Размер шрифта
-
+

Тайна булгаковского «Мастера…» - стр. 82

Комнату в доме на Большой Садовой у Татьяны Николаевны вскоре отобрали, пришлось переселяться в полуподвал. Более или менее сносное существование зависело в те годы от того, состоит ли человек в профсоюзе:

«Чтобы получить профсоюзный билет, пошла работать на стройку. Сначала кирпичи носила, потом инструмент выдавала».

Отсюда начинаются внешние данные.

(* Let $\mathbf P=(P,\leq,{}',0,1)$ be an orthogonal lub-complete poset. Then the following conditions are equivalent: (i) $\mathbf P$ is an orthocomplemented poset. (ii) For all $x,y\in P$, $x\leq y$ implies $x\rightarrow_S y=1$. (iii) For all $x,y\in P$, $x\leq y$ implies $x\rightarrow_D y=1$.
   Context: $(P,\leq,{}',0,1)$ is a bounded poset with an antitone involution ${}'$; orthogonal means $x\leq y'$ implies $x\vee y$ exists; lub-complete means for every lower bound $x$ of a finite subset $M$ there is a maximal lower bound of $M$ above $x$; orthocomplemented means $x\vee x'=1$ for all $x$. $L(x,y)$ is the set of common lower bounds and $\mathrm{Max}\,A$ the set of maximal elements of $A$; joins with sets are elementwise. Sasaki implication: $x\rightarrow_S y:=x'\vee \mathrm{Max}\,L(x,y)$; Dishkant implication: $x\rightarrow_D y:=y'\rightarrow_S x'=y\vee \mathrm{Max}\,L(x',y')$. "$=1$" means equal to $\{1\}$. *)

theory Defs
  imports Main
begin

text \<open>A poset is modelled by a type of class order. The antitone involution is c,
  the bounds are z (bottom) and u (top).\<close>

definition bounded_poset_ai :: "('a::order \<Rightarrow> 'a) \<Rightarrow> 'a \<Rightarrow> 'a \<Rightarrow> bool" where
  "bounded_poset_ai c z u \<longleftrightarrow>
     (\<forall>x. z \<le> x \<and> x \<le> u) \<and>
     (\<forall>x y. x \<le> y \<longrightarrow> c y \<le> c x) \<and>
     (\<forall>x. c (c x) = x)"

definition is_join :: "'a::order \<Rightarrow> 'a \<Rightarrow> 'a \<Rightarrow> bool" where
  "is_join x y s \<longleftrightarrow> x \<le> s \<and> y \<le> s \<and> (\<forall>t. x \<le> t \<and> y \<le> t \<longrightarrow> s \<le> t)"

definition orthogonal :: "('a::order \<Rightarrow> 'a) \<Rightarrow> bool" where
  "orthogonal c \<longleftrightarrow> (\<forall>x y. x \<le> c y \<longrightarrow> (\<exists>s. is_join x y s))"

definition lower_bounds :: "'a::order set \<Rightarrow> 'a set" where
  "lower_bounds M = {x. \<forall>m\<in>M. x \<le> m}"

definition Maxs :: "'a::order set \<Rightarrow> 'a set" where
  "Maxs A = {a \<in> A. \<forall>b\<in>A. a \<le> b \<longrightarrow> b = a}"

definition lub_complete :: "'a::order itself \<Rightarrow> bool" where
  "lub_complete _ \<longleftrightarrow>
     (\<forall>M::'a set. finite M \<longrightarrow>
        (\<forall>x \<in> lower_bounds M. \<exists>w \<in> Maxs (lower_bounds M). x \<le> w))"

definition orthocomplemented :: "('a::order \<Rightarrow> 'a) \<Rightarrow> 'a \<Rightarrow> bool" where
  "orthocomplemented c u \<longleftrightarrow> (\<forall>x. is_join x (c x) u)"

definition L :: "'a::order \<Rightarrow> 'a \<Rightarrow> 'a set" where
  "L x y = {w. w \<le> x \<and> w \<le> y}"

definition join_set :: "'a::order \<Rightarrow> 'a set \<Rightarrow> 'a set" where
  "join_set x A = {s. \<exists>a\<in>A. is_join x a s}"

definition sasaki :: "('a::order \<Rightarrow> 'a) \<Rightarrow> 'a \<Rightarrow> 'a \<Rightarrow> 'a set" where
  "sasaki c x y = join_set (c x) (Maxs (L x y))"

definition dishkant :: "('a::order \<Rightarrow> 'a) \<Rightarrow> 'a \<Rightarrow> 'a \<Rightarrow> 'a set" where
  "dishkant c x y = sasaki c (c y) (c x)"

end

theory Submission
  imports Defs
begin

text \<open>For \<open>x \<le> y\<close> we have \<open>Max L(x,y) = {x}\<close>, so \<open>x \<rightarrow>\<^sub>S y\<close> is the set of joins of \<open>x'\<close>
  and \<open>x\<close>; orthogonality guarantees that this join exists, hence \<open>x \<rightarrow>\<^sub>S y = 1\<close> says exactly
  \<open>x \<or> x' = 1\<close>. Taking \<open>y = x\<close> gives (i) \<open>\<Leftrightarrow>\<close> (ii). Since \<open>'\<close> is an antitone involution,
  \<open>x \<rightarrow>\<^sub>D y = y' \<rightarrow>\<^sub>S x'\<close> with \<open>y' \<le> x'\<close>, which is \<open>1\<close> iff \<open>y \<or> y' = 1\<close>; this gives
  (i) \<open>\<Leftrightarrow>\<close> (iii).\<close>

lemma Maxs_L_of_le: "(x::'a::order) \<le> y \<Longrightarrow> Maxs (L x y) = {x}"
  unfolding Maxs_def L_def by (auto intro: order.antisym)

lemma is_join_unique: "is_join a b s \<Longrightarrow> is_join a b t \<Longrightarrow> s = (t::'a::order)"
  unfolding is_join_def by (meson order.antisym)

lemma is_join_commute: "is_join a b s \<longleftrightarrow> is_join b (a::'a::order) s"
  unfolding is_join_def by blast

lemma joins_eq_singleton_iff:
  "\<exists>s. is_join a b s \<Longrightarrow> {s. is_join a b s} = {u} \<longleftrightarrow> is_join a b (u::'a::order)"
  using is_join_unique by blast

lemma join_set_singleton: "join_set a {b} = {s. is_join a b s}"
  unfolding join_set_def by simp

lemma sasaki_of_le: "(x::'a::order) \<le> y \<Longrightarrow> sasaki c x y = {s. is_join x (c x) s}"
  unfolding sasaki_def by (simp add: Maxs_L_of_le join_set_singleton is_join_commute)

lemma orthogonal_join_compl_exists:
  assumes "orthogonal c" and "c (c x) = x"
  shows "\<exists>s. is_join x (c x) s"
  using assms unfolding orthogonal_def by (metis order.refl)

lemma sasaki_of_le_eq_top_iff:
  assumes "orthogonal c" and "c (c x) = x" and "x \<le> y"
  shows "sasaki c x y = {u} \<longleftrightarrow> is_join x (c x) u"
  using sasaki_of_le[OF \<open>x \<le> y\<close>] joins_eq_singleton_iff
    orthogonal_join_compl_exists[OF assms(1,2)] by simp

lemma dishkant_of_le_eq_top_iff:
  assumes "orthogonal c" and "\<And>x. c (c x) = x" and "c y \<le> c x"
  shows "dishkant c x y = {u} \<longleftrightarrow> is_join y (c y) u"
proof -
  have "dishkant c x y = {u} \<longleftrightarrow> is_join (c y) y u"
    unfolding dishkant_def using sasaki_of_le_eq_top_iff[OF assms] assms(2) by simp
  then show ?thesis
    by (simp add: is_join_commute)
qed

lemma orthocomplemented_iff_sasaki_of_le_eq_top:
  assumes "orthogonal c" and "\<And>x. c (c x) = x"
  shows "orthocomplemented c u \<longleftrightarrow> (\<forall>x y. x \<le> y \<longrightarrow> sasaki c x y = {u})"
  unfolding orthocomplemented_def
  using sasaki_of_le_eq_top_iff[OF assms(1) assms(2)] by (meson order.refl)

lemma orthocomplemented_iff_dishkant_of_le_eq_top:
  assumes "orthogonal c" and "\<And>x. c (c x) = x" and "\<And>x y. x \<le> y \<Longrightarrow> c y \<le> c x"
  shows "orthocomplemented c u \<longleftrightarrow> (\<forall>x y. x \<le> y \<longrightarrow> dishkant c x y = {u})"
  unfolding orthocomplemented_def
  using dishkant_of_le_eq_top_iff[OF assms(1,2) assms(3)] by (meson order.refl)

theorem theorem7:
  fixes c :: "'a::order \<Rightarrow> 'a" and z u :: 'a
  assumes "bounded_poset_ai c z u"
    and "orthogonal c"
    and "lub_complete TYPE('a)"
  shows "(orthocomplemented c u \<longleftrightarrow> (\<forall>x y. x \<le> y \<longrightarrow> sasaki c x y = {u}))
       \<and> (orthocomplemented c u \<longleftrightarrow> (\<forall>x y. x \<le> y \<longrightarrow> dishkant c x y = {u}))"
proof -
  have involution: "\<And>x. c (c x) = x" and antitone: "\<And>x y. x \<le> y \<Longrightarrow> c y \<le> c x"
    using assms(1) unfolding bounded_poset_ai_def by auto
  show ?thesis
    using orthocomplemented_iff_sasaki_of_le_eq_top[OF assms(2) involution]
      orthocomplemented_iff_dishkant_of_le_eq_top[OF assms(2) involution antitone]
    by (rule conjI)
qed

end
(* Let $\mathcal M=(M,<,+,0,\ldots)$ be a definably complete locally o-minimal expansion of an ordered abelian group. Let $C\subseteq M^m$ be a definable, closed and bounded set and let $\varphi,\psi:C\to M_{>0}$ be definable functions such that for every $x\in C$ there is $\delta>0$ with $\varphi(x')\ge\psi(x)$ for all $x'\in C$ satisfying $|x'-x|<\delta$. Then $\inf\varphi(C)>0$.
   Context: Definable = with parameters; definably complete: sup/inf of definable subsets of $M$ exist in $M\cup\{\pm\infty\}$; locally o-minimal: each definable subset of $M$ is, near each point, a finite union of points and open intervals. $M_{>0}=\{x\in M:x>0\}$, $|x|=\max_i|x_i|$. *)

theory Defs
  imports Main
begin

text \<open>Definable (with parameters) = member of some S n.\<close>

definition tuples :: "nat \<Rightarrow> 'a list set" where
  "tuples n = {xs. length xs = n}"

definition is_structure :: "(nat \<Rightarrow> 'a list set set) \<Rightarrow> bool" where
  "is_structure S \<longleftrightarrow>
     (\<forall>n. \<forall>A\<in>S n. A \<subseteq> tuples n) \<and>
     (\<forall>n. {} \<in> S n) \<and>
     (\<forall>n. \<forall>A\<in>S n. tuples n - A \<in> S n) \<and>
     (\<forall>n. \<forall>A\<in>S n. \<forall>B\<in>S n. A \<union> B \<in> S n) \<and>
     (\<forall>n. \<forall>A\<in>S n. {x # xs | x xs. xs \<in> A} \<in> S (Suc n)) \<and>
     (\<forall>n. \<forall>A\<in>S n. {xs @ [x] | x xs. xs \<in> A} \<in> S (Suc n)) \<and>
     (\<forall>n i j. i < n \<longrightarrow> j < n \<longrightarrow> {xs \<in> tuples n. xs ! i = xs ! j} \<in> S n) \<and>
     (\<forall>n. \<forall>A\<in>S (Suc n). butlast ` A \<in> S n)"
definition lattice_ideal :: "('a \<Rightarrow> 'a \<Rightarrow> 'a) \<Rightarrow> 'a set \<Rightarrow> bool" where
  "lattice_ideal add J \<longleftrightarrow> J \<noteq> {} \<and> (\<forall>x\<in>J. \<forall>y\<in>J. add x y \<in> J) \<and>
     (\<forall>x\<in>J. \<forall>y. incline_le add y x \<longrightarrow> y \<in> J)"

definition gen_r_ideal :: "('a \<Rightarrow> 'a \<Rightarrow> 'a) \<Rightarrow> ('a \<Rightarrow> 'a \<Rightarrow> 'a) \<Rightarrow> 'a \<Rightarrow> 'a set" where
  "gen_r_ideal add mul x = \<Inter>{J. r_ideal add mul J \<and> x \<in> J}"

definition normal_incline :: "('a \<Rightarrow> 'a \<Rightarrow> 'a) \<Rightarrow> ('a \<Rightarrow> 'a \<Rightarrow> 'a) \<Rightarrow> bool" where
  "normal_incline add mul \<longleftrightarrow>
     incline add mul \<and> (\<forall>x y. mul x y = mul y x) \<and>
     (\<exists>z. \<forall>x. add z x = x) \<and> (\<exists>e. \<forall>x. mul e x = x) \<and>
     (\<forall>x. lattice_ideal add (gen_r_ideal add mul x)) \<and>
     (\<forall>x. \<exists>!c. mul c c = x) \<and>
     (\<forall>x y. incline_le add (mul x y) (add (mul x x) (mul y y)))"

definition izero :: "('a \<Rightarrow> 'a \<Rightarrow> 'a) \<Rightarrow> 'a" where
  "izero add = (THE z. \<forall>x. add z x = x)"

definition isum :: "('a \<Rightarrow> 'a \<Rightarrow> 'a) \<Rightarrow> (nat \<Rightarrow> 'a) \<Rightarrow> nat \<Rightarrow> 'a" where
  "isum add f k = foldr (\<lambda>l acc. add (f l) acc) [0..<k] (izero add)"

(* Matrices are functions nat \<Rightarrow> nat \<Rightarrow> 'a; only indices below the size matter.
   A = B B^T for A n\<times>n and B n\<times>k. *)
definition is_BBT :: "('a \<Rightarrow> 'a \<Rightarrow> 'a) \<Rightarrow> ('a \<Rightarrow> 'a \<Rightarrow> 'a) \<Rightarrow> nat \<Rightarrow> nat
     \<Rightarrow> (nat \<Rightarrow> nat \<Rightarrow> 'a) \<Rightarrow> (nat \<Rightarrow> nat \<Rightarrow> 'a) \<Rightarrow> bool" where
  "is_BBT add mul n k B A \<longleftrightarrow>
     (\<forall>i<n. \<forall>j<n. A i j = isum add (\<lambda>l. mul (B i l) (B j l)) k)"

Так складывалась жизнь брошенной супруги. А перед Булгаковым в этот момент открывались поистине блестящие перспективы. 27 декабря 1924 года издательство «Недра» заключило с ним договор на сборник рассказов. Это должна была быть первая в его жизни книга! Со дня на день ожидался выход журнала «Россия», где должны были начать печатать первый его роман. Было от чего впасть в эйфорию. И это сразу заметили окружающие.

В повести «Алмазный мой венец» Валентин Катаев оставил нам портрет тогдашнего Булгакова:

«Он любил поучать – в нём было заложено нечто менторское. Создавалось такое впечатление, что лишь одному ему открыты высшие истины не только искусства, но и вообще человеческой жизни. Он принадлежал к тому довольно распространённому типу людей, никогда ни в чём не сомневающихся, которые живут по незыблемым, раз навсегда установленным правилам. Его моральный кодекс как бы безоговорочно включал в себя все заповеди Ветхого и Нового Заветов. Впоследствии оказалось, что всё это было лишь защитной маской втайне очень честолюбивого, влюбчивого и легкоранимого художника, в душе которого бушевали незримые страсти».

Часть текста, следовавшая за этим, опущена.